She didn't even have the time to half-smile before a uniformed Corporal appeared at the end of their row, across from the six or seven people who sat with them. He gestured a little more urgently than she felt was strictly necessary. They had just squeezed their way out of the row it was revealed why.
"Sergeant Erso, we have a change of plans."
Jyn furrowed her brow slightly. "What change?"
"I don't know," said the Corporal, starting to lead them along a side of the garrison, where their urgency would not get noticed. "But I was told to inform you to be prepared for some of the things you'll hear on stage."
It didn't sound good. Bodhi crossed his arms arms his chest to restrain his suddenly alarmed heartbeat. "Why would they ask us to be prepared for that?"
"Everyone's busy," the Corporal shook his head. "Nobody had the time to explain.
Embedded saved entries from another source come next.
lemma integrable_bounded_mult:
  fixes f g :: "'a \<Rightarrow> real"
  assumes "integrable M f" and "g \<in> borel_measurable M" and "\<And>x. \<bar>g x\<bar> \<le> B"
  shows "integrable M (\<lambda>x. g x * f x)"
proof (rule Bochner_Integration.integrable_bound[of M "\<lambda>x. B * f x"])
  show "integrable M (\<lambda>x. B * f x)" using assms(1) by simp
  show "(\<lambda>x. g x * f x) \<in> borel_measurable M"
    using assms(1,2) by measurable
  show "AE x in M. norm (g x * f x) \<le> norm (B * f x)"
  proof (intro AE_I2)
    fix x
    have "\<bar>g x\<bar> \<le> \<bar>B\<bar>" using assms(3)[of x] by linarith
    then show "norm (g x * f x) \<le> norm (B * f x)" by (simp add: abs_mult mult_right_mono)
  qed
qed

lemma integrable_round_payoff_sum:
  assumes "finite_measure M" and "integrable M (\<lambda>x. x)" and "sets M = sets borel" and "finite A"
    and "\<And>j. (\<lambda>v. q j v) \<in> borel_measurable borel" and "\<And>j v. 0 \<le> q j v \<and> q j v \<le> 1"
  shows "integrable M (\<lambda>v. \<Sum>S\<in>Pow A. sel_prob (\<lambda>j. q j v) A S * round_payoff i v c A S)"
proof (intro Bochner_Integration.integrable_sum integrable_bounded_mult)
  fix S
  have "(\<lambda>v. q j v) \<in> borel_measurable M" for j
    using assms(5) by (simp add: measurable_cong_sets[OF assms(3) refl])
  then show "(\<lambda>v. sel_prob (\<lambda>j. q j v) A S) \<in> borel_measurable M"
    unfolding sel_prob_def by measurable
  show "\<bar>sel_prob (\<lambda>j. q j v) A S\<bar> \<le> 1" for v
    using sel_prob_nonneg sel_prob_le_1 assms(6) by (simp add: abs_le_iff)
  show "integrable M (\<lambda>v. round_payoff i v c A S)"
  proof (cases "S = {}")
    case True
    then show ?thesis
      unfolding round_payoff_def using finite_measure.integrable_const[OF assms(1)] by simp
  next
    case False
    have "integrable M (\<lambda>v. (if w = i then v else c (A - {w})) / real (card S))" for w
      using assms(1,2) by (cases "w = i") (auto intro: finite_measure.integrable_const)
    with False show ?thesis
      unfolding round_payoff_def by (simp add: Bochner_Integration.integrable_sum)
  qed
qed

definition excess :: "real measure \<Rightarrow> real \<Rightarrow> real" where
  "excess M T = (\<integral>x. max (x - T) 0 \<partial>M)"

lemma excess_nonneg: "0 \<le> excess M T"
  unfolding excess_def by simp

lemma min_add_le:
  fixes T R e :: real
  assumes "0 \<le> e" and "0 < k"
  shows "min T ((e + R) / k) \<le> min T (R / k) + e / k"
proof -
  have "0 \<le> e / k" using assms by simp
  then show ?thesis by (auto simp: add_divide_distrib min_def)
qed

lemma play_threshold_ge:
  fixes F :: "nat \<Rightarrow> real measure" and Q :: "nat \<Rightarrow> nat \<Rightarrow> real \<Rightarrow> nat set \<Rightarrow> real"
  assumes F: "\<And>t. t \<in> {1..n} \<Longrightarrow>
      prob_space (F t) \<and> sets (F t) = sets borel \<and> integrable (F t) (\<lambda>x. x)"
    and Q_bounded: "\<And>j t v A. 0 \<le> Q j t v A \<and> Q j t v A \<le> 1"
    and Q_measurable: "\<And>j t A. (\<lambda>v. Q j t v A) \<in> borel_measurable borel"
    and Q_threshold: "\<And>t v A. Q i t v A = (if T \<le> v then 1 else 0)"
    and "0 < k"
  shows "i \<in> A \<Longrightarrow> A \<subseteq> {..<k} \<Longrightarrow> 1 \<le> t \<Longrightarrow> t + m \<le> Suc n \<Longrightarrow>
    min T ((\<Sum>s\<in>{t..<t + m}. excess (F s) T) / real k) \<le> play F Q i m t A"
proof (induction m arbitrary: t A)
  case 0
  then show ?case by simp
next
  case (Suc m)
  then have "t \<in> {1..n}" by auto
  with F interpret prob_space "F t" by blast
  define M where "M = min T ((\<Sum>s\<in>{Suc t..<Suc t + m}. excess (F s) T) / real k)"
  have "finite A" and "card A \<le> k"
    using Suc.prems(2) finite_subset card_mono[OF _ Suc.prems(2)] by auto
  have continuation_ge: "M \<le> play F Q i m (Suc t) B" if "i \<in> B" and "B \<subseteq> A" for B
    unfolding M_def using that Suc.prems by (intro Suc.IH) auto
  have "(\<Sum>s\<in>{t..<t + Suc m}. excess (F s) T)
      = excess (F t) T + (\<Sum>s\<in>{Suc t..<Suc t + m}. excess (F s) T)"
    by (subst sum.atLeast_Suc_lessThan) auto
  then have "min T ((\<Sum>s\<in>{t..<t + Suc m}. excess (F s) T) / real k) \<le> M + excess (F t) T / real k"
    unfolding M_def using \<open>0 < k\<close> by (simp add: min_add_le excess_nonneg)
  also have "\<dots> = (\<integral>v. M + max (v - T) 0 / real k \<partial>F t)"
    using F \<open>t \<in> {1..n}\<close> by (simp add: excess_def prob_space)
  also have "\<dots> \<le> (\<integral>v. (\<Sum>S\<in>Pow A. sel_prob (\<lambda>j. Q j t v A) A S *
      round_payoff i v (play F Q i m (Suc t)) A S) \<partial>F t)"
  proof (rule integral_mono)
    show "integrable (F t) (\<lambda>v. M + max (v - T) 0 / real k)"
      using F \<open>t \<in> {1..n}\<close> by simp
    show "integrable (F t) (\<lambda>v. \<Sum>S\<in>Pow A. sel_prob (\<lambda>j. Q j t v A) A S *
        round_payoff i v (play F Q i m (Suc t)) A S)"
      using F \<open>t \<in> {1..n}\<close> \<open>finite A\<close> Q_measurable Q_bounded
      by (intro integrable_round_payoff_sum) (auto intro: finite_measure_axioms)
    show "M + max (v - T) 0 / real k \<le> (\<Sum>S\<in>Pow A. sel_prob (\<lambda>j. Q j t v A) A S *
        round_payoff i v (play F Q i m (Suc t)) A S)" for v
      using Suc.prems(1) Q_bounded Q_threshold continuation_ge
      by (intro threshold_round_ge \<open>finite A\<close> \<open>card A \<le> k\<close>) (auto simp: M_def)
  qed
  also have "\<dots> = play F Q i (Suc m) t A"
    using play_Suc_active[OF Suc.prems(1)] by simp
  finally show ?case .
qed

lemma Max_le_threshold_plus_excess:
  fixes x :: "'a \<Rightarrow> real"
  assumes "finite I" and "I \<noteq> {}"
  shows "Max (x ` I) \<le> T + (\<Sum>s\<in>I. max (x s - T) 0)"
proof -
  have "Max (x ` I) \<in> x ` I"
    using assms by (intro Max_in) auto
  then obtain s0 where "s0 \<in> I" and "Max (x ` I) = x s0"
    by auto
  moreover have "max (x s0 - T) 0 \<le> (\<Sum>s\<in>I. max (x s - T) 0)"
    using \<open>s0 \<in> I\<close> assms(1) by (intro member_le_sum) auto
  ultimately show ?thesis by linarith
qed

lemma
  fixes M :: "'i \<Rightarrow> 'a measure" and f :: "'a \<Rightarrow> real"
  assumes "\<And>i. i \<in> I \<Longrightarrow> prob_space (M i)" and "s \<in> I" and "integrable (M s) f"
  shows integrable_PiM_component: "integrable (PiM I M) (\<lambda>x. f (x s))"
    and integral_PiM_component: "(\<integral>x. f (x s) \<partial>PiM I M) = (\<integral>x. f x \<partial>M s)"
proof -
  have component: "(\<lambda>x. x s) \<in> measurable (PiM I M) (M s)"
    using assms(2) by measurable
  have f: "f \<in> borel_measurable (M s)"
    using assms(3) by measurable
  have distr: "distr (PiM I M) (M s) (\<lambda>x. x s) = M s"
    by (rule distr_PiM_component[OF assms(1,2)])
  show "integrable (PiM I M) (\<lambda>x. f (x s))"
    using integrable_distr_eq[OF component f] distr assms(3) by simp
  show "(\<integral>x. f (x s) \<partial>PiM I M) = (\<integral>x. f x \<partial>M s)"
    using integral_distr[OF component f] distr by simp
qed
Now smile, please."
They hadn't noticed they were already at a corner of the stage, close enough to see the light dancing off the members of the Princess's procession. Already they were being ushered where everybody would be able to see them.
Jyn almost gracelessly stumbled onto the raised platform, and would have even fallen if Bodhi hadn't had the quick reflex to grasp her elbow. Not looking up, not wanting to see the faces staring their way, she moved with quick steps. From a reasonable enough corner of the stage she dared to lift her head, just slightly. Bodhi was staring straight ahead.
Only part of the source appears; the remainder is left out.